Stored data
-.-.-

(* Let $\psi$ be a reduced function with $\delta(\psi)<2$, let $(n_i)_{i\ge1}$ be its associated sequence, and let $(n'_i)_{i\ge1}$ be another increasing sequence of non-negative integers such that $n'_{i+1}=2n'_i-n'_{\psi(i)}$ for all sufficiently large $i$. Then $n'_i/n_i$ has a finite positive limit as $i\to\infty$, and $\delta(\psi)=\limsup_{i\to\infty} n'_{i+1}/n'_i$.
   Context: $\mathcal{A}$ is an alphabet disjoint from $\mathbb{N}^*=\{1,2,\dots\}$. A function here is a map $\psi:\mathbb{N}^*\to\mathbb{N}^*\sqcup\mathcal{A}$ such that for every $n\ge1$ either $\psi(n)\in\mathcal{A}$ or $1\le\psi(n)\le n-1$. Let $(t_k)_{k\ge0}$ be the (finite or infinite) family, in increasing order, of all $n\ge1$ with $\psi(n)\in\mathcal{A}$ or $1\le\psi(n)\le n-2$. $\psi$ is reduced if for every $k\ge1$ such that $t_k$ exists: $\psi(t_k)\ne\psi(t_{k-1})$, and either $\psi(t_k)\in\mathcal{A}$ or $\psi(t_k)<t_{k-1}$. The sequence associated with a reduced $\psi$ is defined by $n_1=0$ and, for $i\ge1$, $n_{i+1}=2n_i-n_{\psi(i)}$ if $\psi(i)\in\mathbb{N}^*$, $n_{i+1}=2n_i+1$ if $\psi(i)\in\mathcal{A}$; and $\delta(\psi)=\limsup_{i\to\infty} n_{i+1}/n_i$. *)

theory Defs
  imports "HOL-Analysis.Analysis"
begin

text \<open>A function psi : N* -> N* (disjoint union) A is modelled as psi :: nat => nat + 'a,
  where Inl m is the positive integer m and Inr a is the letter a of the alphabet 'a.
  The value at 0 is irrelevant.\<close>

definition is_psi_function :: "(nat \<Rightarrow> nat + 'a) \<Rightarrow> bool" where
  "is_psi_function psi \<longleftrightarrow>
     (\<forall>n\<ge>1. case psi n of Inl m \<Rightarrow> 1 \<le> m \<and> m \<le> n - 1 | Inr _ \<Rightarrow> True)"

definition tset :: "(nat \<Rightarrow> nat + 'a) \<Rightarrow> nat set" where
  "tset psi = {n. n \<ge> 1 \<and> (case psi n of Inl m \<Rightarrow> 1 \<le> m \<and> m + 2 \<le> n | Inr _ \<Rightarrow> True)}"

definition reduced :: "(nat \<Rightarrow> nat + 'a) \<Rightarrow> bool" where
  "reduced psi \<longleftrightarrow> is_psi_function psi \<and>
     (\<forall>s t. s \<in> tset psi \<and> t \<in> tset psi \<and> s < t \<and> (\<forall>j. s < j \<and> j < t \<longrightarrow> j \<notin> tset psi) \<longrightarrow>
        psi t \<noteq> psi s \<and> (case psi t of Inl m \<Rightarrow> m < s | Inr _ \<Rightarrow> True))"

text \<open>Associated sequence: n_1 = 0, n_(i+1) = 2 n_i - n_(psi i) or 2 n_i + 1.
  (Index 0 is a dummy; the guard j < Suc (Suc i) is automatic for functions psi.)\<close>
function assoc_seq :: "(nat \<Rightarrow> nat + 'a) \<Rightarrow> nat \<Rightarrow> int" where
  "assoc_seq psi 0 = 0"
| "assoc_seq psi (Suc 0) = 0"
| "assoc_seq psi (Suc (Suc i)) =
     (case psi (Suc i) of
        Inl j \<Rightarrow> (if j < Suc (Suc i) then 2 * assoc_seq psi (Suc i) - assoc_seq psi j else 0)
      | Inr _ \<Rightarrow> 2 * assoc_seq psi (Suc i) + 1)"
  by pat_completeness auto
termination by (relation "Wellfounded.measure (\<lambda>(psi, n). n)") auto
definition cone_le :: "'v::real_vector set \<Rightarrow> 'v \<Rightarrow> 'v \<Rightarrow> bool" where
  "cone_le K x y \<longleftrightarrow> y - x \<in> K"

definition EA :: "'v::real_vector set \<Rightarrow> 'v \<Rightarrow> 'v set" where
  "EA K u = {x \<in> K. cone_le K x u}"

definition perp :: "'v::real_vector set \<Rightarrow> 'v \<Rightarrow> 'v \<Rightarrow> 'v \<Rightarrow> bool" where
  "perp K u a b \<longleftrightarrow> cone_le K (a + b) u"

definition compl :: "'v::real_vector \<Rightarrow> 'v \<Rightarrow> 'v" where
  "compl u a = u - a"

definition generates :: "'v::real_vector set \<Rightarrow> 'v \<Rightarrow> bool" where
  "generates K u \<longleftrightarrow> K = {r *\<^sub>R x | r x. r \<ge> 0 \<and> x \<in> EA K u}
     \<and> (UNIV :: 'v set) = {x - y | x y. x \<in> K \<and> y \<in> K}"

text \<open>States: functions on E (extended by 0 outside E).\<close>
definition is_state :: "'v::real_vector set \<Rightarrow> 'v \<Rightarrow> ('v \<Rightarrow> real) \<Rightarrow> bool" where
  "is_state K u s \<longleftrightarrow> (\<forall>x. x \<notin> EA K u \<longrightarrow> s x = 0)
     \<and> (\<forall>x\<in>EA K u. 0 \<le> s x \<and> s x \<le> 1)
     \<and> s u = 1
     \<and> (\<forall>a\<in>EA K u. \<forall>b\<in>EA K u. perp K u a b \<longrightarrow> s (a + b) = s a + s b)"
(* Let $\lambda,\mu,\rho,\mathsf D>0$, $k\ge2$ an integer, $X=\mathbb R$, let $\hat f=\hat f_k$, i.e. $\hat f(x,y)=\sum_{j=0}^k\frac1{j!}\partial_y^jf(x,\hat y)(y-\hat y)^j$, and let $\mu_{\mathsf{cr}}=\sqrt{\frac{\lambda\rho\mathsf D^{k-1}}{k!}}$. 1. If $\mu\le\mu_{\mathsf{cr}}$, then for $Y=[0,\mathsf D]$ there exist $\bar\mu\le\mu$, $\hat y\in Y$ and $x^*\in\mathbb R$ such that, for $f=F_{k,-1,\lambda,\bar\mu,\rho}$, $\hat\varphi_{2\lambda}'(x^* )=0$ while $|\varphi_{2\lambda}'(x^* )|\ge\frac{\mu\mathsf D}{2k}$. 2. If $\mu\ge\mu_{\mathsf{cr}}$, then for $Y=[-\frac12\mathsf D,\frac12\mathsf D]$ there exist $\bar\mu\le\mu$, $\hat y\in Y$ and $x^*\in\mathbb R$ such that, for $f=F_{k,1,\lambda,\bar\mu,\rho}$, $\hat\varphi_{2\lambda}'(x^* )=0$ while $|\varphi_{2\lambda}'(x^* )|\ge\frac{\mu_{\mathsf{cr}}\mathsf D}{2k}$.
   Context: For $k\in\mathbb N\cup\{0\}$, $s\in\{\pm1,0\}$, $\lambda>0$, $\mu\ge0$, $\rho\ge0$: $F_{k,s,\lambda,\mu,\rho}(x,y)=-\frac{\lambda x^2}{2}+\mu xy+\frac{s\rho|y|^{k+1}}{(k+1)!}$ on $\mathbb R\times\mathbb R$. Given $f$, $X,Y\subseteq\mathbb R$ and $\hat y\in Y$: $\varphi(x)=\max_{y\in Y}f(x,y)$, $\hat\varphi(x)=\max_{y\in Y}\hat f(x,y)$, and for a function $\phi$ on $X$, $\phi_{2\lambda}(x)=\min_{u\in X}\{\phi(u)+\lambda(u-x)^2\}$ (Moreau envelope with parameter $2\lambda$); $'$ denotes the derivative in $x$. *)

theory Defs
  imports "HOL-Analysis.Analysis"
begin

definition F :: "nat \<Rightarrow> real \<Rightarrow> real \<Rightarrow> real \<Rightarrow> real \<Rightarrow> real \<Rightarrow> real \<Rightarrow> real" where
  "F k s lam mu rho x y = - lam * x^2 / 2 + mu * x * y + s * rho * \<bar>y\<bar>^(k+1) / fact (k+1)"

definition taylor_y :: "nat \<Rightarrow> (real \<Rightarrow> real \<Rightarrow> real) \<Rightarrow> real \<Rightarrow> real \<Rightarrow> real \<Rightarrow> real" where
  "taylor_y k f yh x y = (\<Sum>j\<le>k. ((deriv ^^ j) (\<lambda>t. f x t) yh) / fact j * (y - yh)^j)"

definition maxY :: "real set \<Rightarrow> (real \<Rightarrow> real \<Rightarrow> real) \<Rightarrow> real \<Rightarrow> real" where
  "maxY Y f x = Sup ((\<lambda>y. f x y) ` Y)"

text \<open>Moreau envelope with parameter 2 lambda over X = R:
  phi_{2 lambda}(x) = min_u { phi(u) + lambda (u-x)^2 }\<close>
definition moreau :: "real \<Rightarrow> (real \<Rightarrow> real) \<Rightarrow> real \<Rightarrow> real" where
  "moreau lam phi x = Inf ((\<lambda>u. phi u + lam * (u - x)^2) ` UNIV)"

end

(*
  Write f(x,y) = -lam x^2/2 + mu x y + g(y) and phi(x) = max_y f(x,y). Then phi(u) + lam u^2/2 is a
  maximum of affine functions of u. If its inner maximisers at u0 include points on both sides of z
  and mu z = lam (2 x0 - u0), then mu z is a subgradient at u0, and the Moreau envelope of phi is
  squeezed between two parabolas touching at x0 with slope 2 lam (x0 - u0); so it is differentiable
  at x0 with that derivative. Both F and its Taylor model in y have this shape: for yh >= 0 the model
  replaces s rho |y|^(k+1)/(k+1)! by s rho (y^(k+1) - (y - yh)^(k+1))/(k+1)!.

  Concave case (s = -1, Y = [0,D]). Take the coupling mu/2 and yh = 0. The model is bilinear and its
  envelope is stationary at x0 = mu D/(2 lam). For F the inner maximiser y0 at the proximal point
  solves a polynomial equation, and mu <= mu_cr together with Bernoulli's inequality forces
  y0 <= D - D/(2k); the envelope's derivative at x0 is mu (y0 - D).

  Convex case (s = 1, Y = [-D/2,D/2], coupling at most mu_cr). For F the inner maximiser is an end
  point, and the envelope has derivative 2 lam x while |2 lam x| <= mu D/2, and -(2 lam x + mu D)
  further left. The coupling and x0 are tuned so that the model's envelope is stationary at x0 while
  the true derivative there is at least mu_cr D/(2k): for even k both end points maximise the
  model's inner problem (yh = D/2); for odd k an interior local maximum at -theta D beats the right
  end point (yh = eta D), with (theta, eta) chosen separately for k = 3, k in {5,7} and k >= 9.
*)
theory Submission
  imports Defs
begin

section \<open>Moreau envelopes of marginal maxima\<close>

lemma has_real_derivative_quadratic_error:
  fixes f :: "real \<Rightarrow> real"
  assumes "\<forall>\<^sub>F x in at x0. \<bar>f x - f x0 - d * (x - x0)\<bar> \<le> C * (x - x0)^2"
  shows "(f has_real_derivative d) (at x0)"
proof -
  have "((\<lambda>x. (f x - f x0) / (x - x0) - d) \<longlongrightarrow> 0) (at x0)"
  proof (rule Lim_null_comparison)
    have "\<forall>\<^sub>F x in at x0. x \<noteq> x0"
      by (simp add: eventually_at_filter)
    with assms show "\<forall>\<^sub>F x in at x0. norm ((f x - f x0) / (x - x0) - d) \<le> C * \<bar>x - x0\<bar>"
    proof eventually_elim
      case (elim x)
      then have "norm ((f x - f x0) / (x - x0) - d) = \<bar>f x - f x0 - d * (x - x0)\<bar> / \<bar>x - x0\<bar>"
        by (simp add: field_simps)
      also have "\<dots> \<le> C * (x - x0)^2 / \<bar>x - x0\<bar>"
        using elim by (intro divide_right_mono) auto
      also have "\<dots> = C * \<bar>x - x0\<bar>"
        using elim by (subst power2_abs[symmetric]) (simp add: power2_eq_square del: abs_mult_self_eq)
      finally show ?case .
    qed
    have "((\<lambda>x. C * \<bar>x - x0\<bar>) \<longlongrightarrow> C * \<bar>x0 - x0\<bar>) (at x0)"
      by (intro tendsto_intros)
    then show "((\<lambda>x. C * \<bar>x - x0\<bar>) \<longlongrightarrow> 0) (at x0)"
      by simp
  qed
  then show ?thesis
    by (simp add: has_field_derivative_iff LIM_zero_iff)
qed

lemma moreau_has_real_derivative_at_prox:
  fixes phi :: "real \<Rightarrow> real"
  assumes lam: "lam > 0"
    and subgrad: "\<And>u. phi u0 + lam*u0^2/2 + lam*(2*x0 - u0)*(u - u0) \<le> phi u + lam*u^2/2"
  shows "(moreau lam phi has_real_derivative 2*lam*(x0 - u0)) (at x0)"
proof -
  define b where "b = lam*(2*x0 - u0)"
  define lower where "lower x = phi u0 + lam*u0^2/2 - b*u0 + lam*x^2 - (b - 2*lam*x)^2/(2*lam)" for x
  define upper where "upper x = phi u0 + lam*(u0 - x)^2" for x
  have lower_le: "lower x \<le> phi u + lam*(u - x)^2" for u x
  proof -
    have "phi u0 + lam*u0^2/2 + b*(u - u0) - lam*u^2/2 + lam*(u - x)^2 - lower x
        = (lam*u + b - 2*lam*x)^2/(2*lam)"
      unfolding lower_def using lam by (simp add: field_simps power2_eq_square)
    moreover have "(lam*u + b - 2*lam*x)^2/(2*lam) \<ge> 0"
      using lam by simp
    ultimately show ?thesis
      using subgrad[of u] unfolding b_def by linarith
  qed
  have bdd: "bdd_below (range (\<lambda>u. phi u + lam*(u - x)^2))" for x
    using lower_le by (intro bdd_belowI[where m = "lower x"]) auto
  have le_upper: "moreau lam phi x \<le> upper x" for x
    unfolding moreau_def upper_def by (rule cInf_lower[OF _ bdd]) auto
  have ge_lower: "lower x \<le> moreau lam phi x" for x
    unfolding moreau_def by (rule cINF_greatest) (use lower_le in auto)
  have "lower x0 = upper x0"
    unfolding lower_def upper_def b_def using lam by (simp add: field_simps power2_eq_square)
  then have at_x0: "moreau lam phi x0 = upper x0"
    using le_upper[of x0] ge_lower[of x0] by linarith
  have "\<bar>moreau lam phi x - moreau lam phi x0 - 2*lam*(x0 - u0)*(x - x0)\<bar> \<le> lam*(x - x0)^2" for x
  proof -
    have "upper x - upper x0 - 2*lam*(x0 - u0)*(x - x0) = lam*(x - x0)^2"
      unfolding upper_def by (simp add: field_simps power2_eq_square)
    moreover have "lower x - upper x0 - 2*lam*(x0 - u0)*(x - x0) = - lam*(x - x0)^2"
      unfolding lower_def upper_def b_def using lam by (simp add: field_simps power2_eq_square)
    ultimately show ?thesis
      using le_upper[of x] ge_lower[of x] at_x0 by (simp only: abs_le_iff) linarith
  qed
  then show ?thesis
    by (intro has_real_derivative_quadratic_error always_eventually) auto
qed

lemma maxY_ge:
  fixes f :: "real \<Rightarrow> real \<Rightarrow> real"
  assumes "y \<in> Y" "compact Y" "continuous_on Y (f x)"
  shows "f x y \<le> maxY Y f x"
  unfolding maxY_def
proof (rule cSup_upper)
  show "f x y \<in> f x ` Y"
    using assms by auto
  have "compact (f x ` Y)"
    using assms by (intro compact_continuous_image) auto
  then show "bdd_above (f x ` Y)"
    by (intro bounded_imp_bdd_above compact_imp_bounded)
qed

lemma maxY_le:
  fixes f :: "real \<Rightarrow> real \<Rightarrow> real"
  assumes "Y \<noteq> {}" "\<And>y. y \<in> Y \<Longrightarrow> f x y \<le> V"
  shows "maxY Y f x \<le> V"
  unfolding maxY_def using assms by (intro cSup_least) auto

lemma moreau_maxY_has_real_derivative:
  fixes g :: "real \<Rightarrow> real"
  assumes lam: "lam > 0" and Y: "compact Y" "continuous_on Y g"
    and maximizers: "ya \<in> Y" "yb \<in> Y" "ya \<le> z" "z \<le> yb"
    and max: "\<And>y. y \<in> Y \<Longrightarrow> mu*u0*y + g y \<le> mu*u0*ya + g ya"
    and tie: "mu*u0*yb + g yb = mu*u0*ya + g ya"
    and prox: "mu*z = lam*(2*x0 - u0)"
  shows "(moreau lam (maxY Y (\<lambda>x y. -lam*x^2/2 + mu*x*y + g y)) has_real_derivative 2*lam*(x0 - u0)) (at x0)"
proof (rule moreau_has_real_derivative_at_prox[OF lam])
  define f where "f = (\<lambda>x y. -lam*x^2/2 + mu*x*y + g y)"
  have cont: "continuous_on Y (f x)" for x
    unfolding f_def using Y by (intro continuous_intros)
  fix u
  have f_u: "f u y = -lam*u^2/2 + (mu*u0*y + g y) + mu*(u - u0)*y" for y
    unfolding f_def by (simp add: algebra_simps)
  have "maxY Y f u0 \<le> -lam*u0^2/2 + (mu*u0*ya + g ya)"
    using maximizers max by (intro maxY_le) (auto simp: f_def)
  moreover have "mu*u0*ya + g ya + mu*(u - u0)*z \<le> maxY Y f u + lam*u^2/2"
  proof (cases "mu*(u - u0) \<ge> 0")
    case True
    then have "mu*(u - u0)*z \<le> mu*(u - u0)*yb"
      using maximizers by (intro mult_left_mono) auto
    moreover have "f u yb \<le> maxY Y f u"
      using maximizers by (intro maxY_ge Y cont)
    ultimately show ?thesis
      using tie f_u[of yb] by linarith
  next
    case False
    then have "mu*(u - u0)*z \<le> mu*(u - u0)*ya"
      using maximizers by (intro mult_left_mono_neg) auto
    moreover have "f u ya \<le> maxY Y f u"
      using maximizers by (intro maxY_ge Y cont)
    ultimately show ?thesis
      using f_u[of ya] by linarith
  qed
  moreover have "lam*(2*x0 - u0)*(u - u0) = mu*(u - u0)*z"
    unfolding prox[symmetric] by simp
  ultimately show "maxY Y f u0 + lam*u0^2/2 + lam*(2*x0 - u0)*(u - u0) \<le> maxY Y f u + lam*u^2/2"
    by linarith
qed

-.-.-

PROBLEM:
Each line above that holds the string "longleftrightarrow" should be copied and shown.

SOLUTION FOR THIS EXERCISE:
  "is_psi_function psi \<longleftrightarrow>
  "reduced psi \<longleftrightarrow> is_psi_function psi \<and>
  "cone_le K x y \<longleftrightarrow> y - x \<in> K"
  "perp K u a b \<longleftrightarrow> cone_le K (a + b) u"
  "generates K u \<longleftrightarrow> K = {r *\<^sub>R x | r x. r \<ge> 0 \<and> x \<in> EA K u}
  "is_state K u s \<longleftrightarrow> (\<forall>x. x \<notin> EA K u \<longrightarrow> s x = 0)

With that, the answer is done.